Saved entries
------

text \<open>K is modelled as a finite field type 'a. Its characteristic is CHAR('a) = p,
  its order CARD('a) = q = p^n.\<close>

definition ff_degree :: "'a::{field,finite} itself \<Rightarrow> nat" where
  "ff_degree _ = (THE n. CARD('a) = CHAR('a) ^ n)"

text \<open>Absolute trace K \<rightarrow> F_p (as an element of K, lying in the prime field).\<close>
definition abs_trace :: "'a::{field,finite} \<Rightarrow> 'a" where
  "abs_trace x = (\<Sum>i<ff_degree TYPE('a). x ^ (CHAR('a) ^ i))"

definition abs_trace_nat :: "'a::{field,finite} \<Rightarrow> nat" where
  "abs_trace_nat x = (THE k. k < CHAR('a) \<and> of_nat k = abs_trace x)"

definition psi :: "'a::{field,finite} \<Rightarrow> complex" where
  "psi x = exp (2 * pi * \<i> / of_nat CHAR('a)) ^ abs_trace_nat x"

definition W :: "nat \<Rightarrow> 'a::{field,finite} \<Rightarrow> complex" where
  "W s u = (\<Sum>x\<in>UNIV. psi (x ^ s - u * x))"

end

(*
  psi is a nontrivial additive character of K, since the absolute trace is a polynomial of
  degree p^(n-1) < q and so does not vanish identically; hence sum_y psi(a y) is q if a = 0
  and 0 otherwise. Expanding W_u and summing over all u kills every x except x = 0, so
  sum_u W_u = q; likewise sum_y W_(cy) cnj(W_y) = q * sum_x psi((1 - c^s) x^s).
  When gcd(s, q - 1) = 1 the map x -> x^s permutes K. Hence W_0 = sum_x psi(x) = 0, so the
  sums over K - {0} agree with those over K, and sum_x psi((1 - c^s) x^s) = sum_x psi((1 - c^s) x),
  which is q if c^s = 1, i.e. c = 1, and 0 otherwise.
*)
theory Submission
  imports Defs "HOL-Algebra.Sylow" "HOL-Algebra.Multiplicative_Group"
    "HOL-Computational_Algebra.Primes" "HOL-Number_Theory.Cong"
begin

section \<open>Finite fields\<close>

text \<open>Cauchy's theorem, read off from a Sylow subgroup of order \<open>r\<close>.\<close>

lemma (in group) exists_nontrivial_pow_prime_eq_one:
  assumes "finite (carrier G)" "prime r" "r dvd order G"
  obtains x where "x \<in> carrier G" "x \<noteq> \<one>" "x [^] r = \<one>"
proof -
  obtain m where "order G = r ^ 1 * m"
    using assms(3) by auto
  then obtain H where H: "subgroup H G" "card H = r"
    using sylow_thm[OF assms(2) is_group _ assms(1)] by (metis power_one_right)
  interpret H: group "G\<lparr>carrier := H\<rparr>"
    using subgroup.subgroup_is_group[OF H(1) is_group] .
  have "\<not> H \<subseteq> {\<one>}"
    using H(2) prime_gt_1_nat[OF assms(2)] card_mono[of "{\<one>}" H] by auto
  then obtain x where x: "x \<in> H" "x \<noteq> \<one>" by blast
  have "x [^]\<^bsub>G\<lparr>carrier := H\<rparr>\<^esub> r = \<one>"
    using H.pow_order_eq_1[of x] x(1) H(2) by (simp add: order_def)
  then show ?thesis
    using that x subgroup.mem_carrier[OF H(1)] nat_pow_consistent by auto
qed

lemma prime_CHAR_finite_field: "prime CHAR('a::{field,finite})"
  by (intro prime_CHAR_semidom finite_imp_CHAR_pos) simp

definition additive_group :: "'a::ab_group_add monoid" where
  "additive_group = \<lparr>carrier = UNIV, mult = (+), one = 0\<rparr>"

lemma group_additive_group: "group additive_group"
  unfolding additive_group_def by (rule groupI) (auto simp: add.assoc intro: add.left_inverse)

lemma pow_additive_group: "x [^]\<^bsub>additive_group\<^esub> k = (of_nat k * x :: 'a::ring_1)"
  by (induction k) (simp_all add: additive_group_def algebra_simps)

definition multiplicative_group :: "'a::field monoid" where
  "multiplicative_group = \<lparr>carrier = UNIV - {0}, mult = (*), one = 1\<rparr>"

lemma group_multiplicative_group: "group multiplicative_group"
  unfolding multiplicative_group_def
  by (rule groupI)
    (auto simp: mult.assoc,
     metis DiffI UNIV_I field_class.field_inverse inverse_nonzero_iff_nonzero singletonD)

lemma pow_multiplicative_group: "x [^]\<^bsub>multiplicative_group\<^esub> k = (x ^ k :: 'a::field)"
  by (induction k) (simp_all add: multiplicative_group_def)

lemma prime_dvd_card_finite_field_imp_eq_CHAR:
  assumes "prime r" "r dvd CARD('a::{field,finite})"
  shows "r = CHAR('a)"
proof -
  let ?A = "additive_group :: 'a monoid"
  have "finite (carrier ?A)" "order ?A = CARD('a)"
    by (simp_all add: order_def additive_group_def)
  then obtain x
    where "x \<noteq> \<one>\<^bsub>?A\<^esub>" "x [^]\<^bsub>?A\<^esub> r = \<one>\<^bsub>?A\<^esub>"
    using group.exists_nontrivial_pow_prime_eq_one[OF group_additive_group _ assms(1)] assms(2)
    by metis
  then have "x \<noteq> 0" "of_nat r * x = 0"
    by (simp_all add: pow_additive_group) (simp_all add: additive_group_def)
  then have "CHAR('a) dvd r"
    by (simp add: of_nat_eq_0_iff_char_dvd)
  then show ?thesis
    using assms(1) prime_CHAR_finite_field primes_dvd_imp_eq by metis
qed

lemma card_finite_field_eq_CHAR_power: "\<exists>n. CARD('a::{field,finite}) = CHAR('a) ^ n"
proof (rule ccontr)
  assume "\<nexists>n. CARD('a) = CHAR('a) ^ n"
  then obtain r where "r \<in> prime_factors CARD('a)" "r \<noteq> CHAR('a)"
    using Ex_other_prime_factor[of "CARD('a)" "CHAR('a)"] prime_CHAR_finite_field by auto
  then show False
    using prime_dvd_card_finite_field_imp_eq_CHAR by auto
qed

lemma card_eq_CHAR_power_ff_degree: "CARD('a::{field,finite}) = CHAR('a) ^ ff_degree TYPE('a)"
proof -
  obtain n where n: "CARD('a) = CHAR('a) ^ n"
    using card_finite_field_eq_CHAR_power by blast
  have "CHAR('a) > 1"
    using prime_gt_1_nat[OF prime_CHAR_finite_field] .
  then have "ff_degree TYPE('a) = n"
    unfolding ff_degree_def using n by (auto intro: the_equality)
  then show ?thesis
    using n by simp
qed

lemma ff_degree_pos: "ff_degree TYPE('a::{field,finite}) > 0"
proof (rule ccontr)
  assume "\<not> ff_degree TYPE('a) > 0"
  then have "CARD('a) = 1"
    using card_eq_CHAR_power_ff_degree[where 'a='a] by simp
  moreover have "card {0, 1::'a} \<le> CARD('a)"
    by (rule card_mono) simp_all
  ultimately show False
    by simp
qed

lemma power_card_minus_one_eq_one:
  assumes "(x::'a::{field,finite}) \<noteq> 0"
  shows "x ^ (CARD('a) - 1) = 1"
proof -
  have "order (multiplicative_group :: 'a monoid) = CARD('a) - 1"
    by (simp add: order_def multiplicative_group_def card_Diff_singleton)
  then show ?thesis
    using group.pow_order_eq_1[OF group_multiplicative_group, of x] assms
    by (simp add: pow_multiplicative_group) (simp add: multiplicative_group_def)
qed

lemma power_card_finite_field: "(x::'a::{field,finite}) ^ CARD('a) = x"
proof (cases "x = 0")
  case False
  have "x ^ CARD('a) = x * x ^ (CARD('a) - 1)"
    by (simp flip: power_Suc)
  then show ?thesis
    using power_card_minus_one_eq_one[OF False] by simp
qed simp

section \<open>The absolute trace\<close>

lemma abs_trace_add: "abs_trace (x + y :: 'a::{field,finite}) = abs_trace x + abs_trace y"
  unfolding abs_trace_def
  by (simp add: sum.distrib freshmans_dream'[OF prime_CHAR_finite_field refl])

lemma abs_trace_zero: "abs_trace (0 :: 'a::{field,finite}) = 0"
  using abs_trace_add[of "0::'a" 0] by (metis add_0 add_cancel_right_right)

lemma abs_trace_power_CHAR: "abs_trace (x :: 'a::{field,finite}) ^ CHAR('a) = abs_trace x"
proof -
  let ?n = "ff_degree TYPE('a)" and ?f = "\<lambda>i. x ^ (CHAR('a) ^ i)"
  have "abs_trace x ^ CHAR('a) = (\<Sum>i<?n. ?f (Suc i))"
    unfolding abs_trace_def
    by (simp add: freshmans_dream_sum[OF prime_CHAR_finite_field refl] mult.commute
        flip: power_mult)
  also have "\<dots> = (\<Sum>i<Suc ?n. ?f i) - ?f 0"
    by (subst sum.lessThan_Suc_shift) simp
  also have "\<dots> = abs_trace x"
    using power_card_finite_field[of x]
    by (simp add: abs_trace_def flip: card_eq_CHAR_power_ff_degree)
  finally show ?thesis .
qed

------

Could you set down, word for word, only the lines above from the line with "text \<open>Absolute trace" to the line with "x = (\<Sum>i<ff_degree", including both?

text \<open>Absolute trace K \<rightarrow> F_p (as an element of K, lying in the prime field).\<close>
definition abs_trace :: "'a::{field,finite} \<Rightarrow> 'a" where
  "abs_trace x = (\<Sum>i<ff_degree TYPE('a). x ^ (CHAR('a) ^ i))"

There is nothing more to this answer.